Step 3, collision handling (speed optimization). In the classical velocity barrier model, the following optimization problem is solved
The speed of the robot is adjusted. However, the process is time-consuming, and therefore, the method for optimizing the target-oriented speed is provided, and under the condition that the direction of the speed vector v is guaranteed to be unchanged to the maximum extent and under the constraint of the VO, the speed v (t +1) of the unmanned aerial vehicle at the next moment is optimized, and the method specifically comprises the following steps:
assuming that the boundary curve of VO is Ω and the extension of velocity v is defined as λ (p, v), then:
P=λ(p,v)∩Ω
where P denotes the intersection of the candidate speed and the VO boundary curve. Of all the intersections, the intersection P closest to the distance P is selectediAs end of the next time velocity EvNamely:
wherein P isiDenotes the intersection of p with the i' th VO boundary curve.

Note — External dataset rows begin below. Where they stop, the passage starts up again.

(* Let $f:[0,1]\to[0,1]$ be a continuous surjective function that does not admit a splitting sequence. If $f$ admits a fixed point $d$ that is S-type, M-type or W-type, then $$\varprojlim f=\varprojlim([0,d],f|_{[0,d]})\cup\varprojlim([d,1],f|_{[d,1]})$$ and $$\varprojlim([0,d],f|_{[0,d]})\cap\varprojlim([d,1],f|_{[d,1]})=\{(d,d,\dots)\}.$$
   Context: $\varprojlim f=\{\mathbf x=(x_0,x_1,\dots)\in[0,1]^{\mathbb N}: f(x_{n+1})=x_n\ \forall n\}$; for a closed interval $J\subseteq[0,1]$, $\varprojlim(J,f|_J)=\{\mathbf x\in\varprojlim f: x_n\in J\ \forall n\}$. Fixed-point types: let $c<d<e$ in $[0,1]$ with $d$ a fixed point, $d$ the only fixed point in $(c,e)$, $c=0$ or $c$ a fixed point, and $e=1$ or $e$ a fixed point. Then $d$ is S-type if $f(x)\le x$ for all $x\in[c,d]$ and $f(x)\ge x$ for all $x\in[d,e]$; N-type if $f(x)\ge x$ on $[c,d]$ and $f(x)\le x$ on $[d,e]$; M-type if $f(x)\ge x$ for all $x\in[c,e]$; W-type if $f(x)\le x$ for all $x\in[c,e]$. (The type is witnessed by $(c,e)$; $d$ has a given type if such $c,e$ exist.) A sequence $(T_n)_{n\in\mathbb N}$ of closed intervals $T_n\subsetneq[0,1]$ (possibly degenerate) is tight if $f(T_{n+1})=T_n$ for every $n$ and $T_n$ is nondegenerate for all sufficiently large $n$. A tight sequence $(T_n)$, $T_n=[l_n,r_n]$, is a splitting sequence admitted by $f$ if there are an infinite set $N\subseteq\mathbb N$ and nondegenerate closed intervals $S_n\subseteq[0,1]$ ($n\in N$) with $S_n\cap T_n\subseteq\{l_n,r_n\}$ and $f(S_n)=f(T_n)$ for all $n\in N$. *)

theory Defs
  imports "HOL-Analysis.Analysis"
begin

definition invlim :: "(real \<Rightarrow> real) \<Rightarrow> (nat \<Rightarrow> real) set" where
  "invlim f = {x. (\<forall>n. x n \<in> {0..1}) \<and> (\<forall>n. f (x (Suc n)) = x n)}"

definition invlim_on :: "real set \<Rightarrow> (real \<Rightarrow> real) \<Rightarrow> (nat \<Rightarrow> real) set" where
  "invlim_on J f = {x \<in> invlim f. \<forall>n. x n \<in> J}"

definition fp_frame :: "(real \<Rightarrow> real) \<Rightarrow> real \<Rightarrow> real \<Rightarrow> real \<Rightarrow> bool" where
  "fp_frame f c d e \<longleftrightarrow> 0 \<le> c \<and> c < d \<and> d < e \<and> e \<le> 1 \<and> f d = d
     \<and> (\<forall>y\<in>{c<..<e}. f y = y \<longrightarrow> y = d)
     \<and> (c = 0 \<or> f c = c) \<and> (e = 1 \<or> f e = e)"

definition S_type :: "(real \<Rightarrow> real) \<Rightarrow> real \<Rightarrow> bool" where
  "S_type f d \<longleftrightarrow> (\<exists>c e. fp_frame f c d e \<and> (\<forall>x\<in>{c..d}. f x \<le> x) \<and> (\<forall>x\<in>{d..e}. f x \<ge> x))"

definition N_type :: "(real \<Rightarrow> real) \<Rightarrow> real \<Rightarrow> bool" where
  "N_type f d \<longleftrightarrow> (\<exists>c e. fp_frame f c d e \<and> (\<forall>x\<in>{c..d}. f x \<ge> x) \<and> (\<forall>x\<in>{d..e}. f x \<le> x))"

definition M_type :: "(real \<Rightarrow> real) \<Rightarrow> real \<Rightarrow> bool" where
  "M_type f d \<longleftrightarrow> (\<exists>c e. fp_frame f c d e \<and> (\<forall>x\<in>{c..e}. f x \<ge> x))"

definition W_type :: "(real \<Rightarrow> real) \<Rightarrow> real \<Rightarrow> bool" where
  "W_type f d \<longleftrightarrow> (\<exists>c e. fp_frame f c d e \<and> (\<forall>x\<in>{c..e}. f x \<le> x))"

definition tight :: "(real \<Rightarrow> real) \<Rightarrow> (nat \<Rightarrow> real) \<Rightarrow> (nat \<Rightarrow> real) \<Rightarrow> bool" where
  "tight f l r \<longleftrightarrow>
     (\<forall>n. 0 \<le> l n \<and> l n \<le> r n \<and> r n \<le> 1 \<and> {l n..r n} \<noteq> {0..1})
   \<and> (\<forall>n. f ` {l (Suc n)..r (Suc n)} = {l n..r n})
   \<and> (\<exists>M. \<forall>n\<ge>M. l n < r n)"
lemma plane_embedding_image:
  assumes G: "simple_graph V E" and left_inv: "\<And>a. a \<in> V \<Longrightarrow> g (f a) = a"
    and emb: "plane_embedding V E p \<gamma>"
  shows "plane_embedding (f ` V) (image f ` E) (p \<circ> g) (\<gamma> \<circ> image g)"
proof -
  from emb have inj_p: "inj_on p V"
    and arcs: "\<And>e. e \<in> E \<Longrightarrow> arc (\<gamma> e) \<and> {pathstart (\<gamma> e), pathfinish (\<gamma> e)} = p ` e"
    and avoid: "\<And>e a. e \<in> E \<Longrightarrow> a \<in> V \<Longrightarrow> p a \<in> path_image (\<gamma> e) \<Longrightarrow> a \<in> e"
    and cross: "\<And>e1 e2. e1 \<in> E \<Longrightarrow> e2 \<in> E \<Longrightarrow> e1 \<noteq> e2 \<Longrightarrow>
        path_image (\<gamma> e1) \<inter> path_image (\<gamma> e2) \<subseteq> p ` (e1 \<inter> e2)"
    unfolding plane_embedding_def by simp_all
  have left_inv_edge: "g ` f ` e = e" if "e \<in> E" for e
    using simple_graph_edge_subset[OF G that] left_inv by force
  have arc: "(\<gamma> \<circ> image g) (f ` e) = \<gamma> e" if "e \<in> E" for e
    by (simp only: comp_apply left_inv_edge[OF that])
  have ends: "(p \<circ> g) ` f ` e = p ` e" if "e \<in> E" for e
    by (simp only: image_comp[symmetric] left_inv_edge[OF that])
  have inj_f: "inj_on f V" using left_inv by (rule inj_on_inverseI)
  show ?thesis
    unfolding plane_embedding_def
  proof (intro conjI ballI impI)
    show "inj_on (p \<circ> g) (f ` V)"
      using inj_p left_inv by (auto intro!: inj_onI dest: inj_onD)
    fix e' assume "e' \<in> image f ` E"
    then obtain e where e: "e \<in> E" "e' = f ` e" by blast
    show "arc ((\<gamma> \<circ> image g) e')"
      unfolding e(2) arc[OF e(1)] using arcs[OF e(1)] ..
    show "{pathstart ((\<gamma> \<circ> image g) e'), pathfinish ((\<gamma> \<circ> image g) e')} = (p \<circ> g) ` e'"
      unfolding e(2) arc[OF e(1)] ends[OF e(1)] using arcs[OF e(1)] ..
    show "b \<in> e'" if "b \<in> f ` V" "(p \<circ> g) b \<in> path_image ((\<gamma> \<circ> image g) e')" for b
      using that avoid[OF e(1)] left_inv unfolding e(2) arc[OF e(1)] by auto
    show "path_image ((\<gamma> \<circ> image g) e') \<inter> path_image ((\<gamma> \<circ> image g) e2')
        \<subseteq> (p \<circ> g) ` (e' \<inter> e2')"
      if e2': "e2' \<in> image f ` E" "e' \<noteq> e2'" for e2'
    proof -
      obtain e2 where e2: "e2 \<in> E" "e2' = f ` e2" using e2'(1) by blast
      have "e \<inter> e2 \<subseteq> V" using e(1) simple_graph_edge_subset[OF G] by blast
      then have "p ` (e \<inter> e2) = (p \<circ> g) ` (e' \<inter> e2')"
        unfolding e(2) e2(2) inj_on_image_Int[OF inj_f simple_graph_edge_subset[OF G e(1)]
            simple_graph_edge_subset[OF G e2(1)], symmetric]
        using left_inv by (force simp: image_comp[symmetric])
      moreover have "e \<noteq> e2" using e2'(2) e(2) e2(2) by blast
      ultimately show ?thesis
        using cross[OF e(1) e2(1)] unfolding e(2) e2(2) arc[OF e(1)] arc[OF e2(1)] by simp
    qed
  qed
qed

The optimized speed of the unmanned aerial vehicle is as follows:
v′=(v′,α)=(||Ev-p||2,α)。
the present invention is not limited to the above-described embodiments, and those skilled in the art can implement the present invention in other various embodiments based on the disclosure of the present invention. Therefore, the design of the invention is within the scope of protection, with simple changes or modifications, based on the design structure and thought of the invention.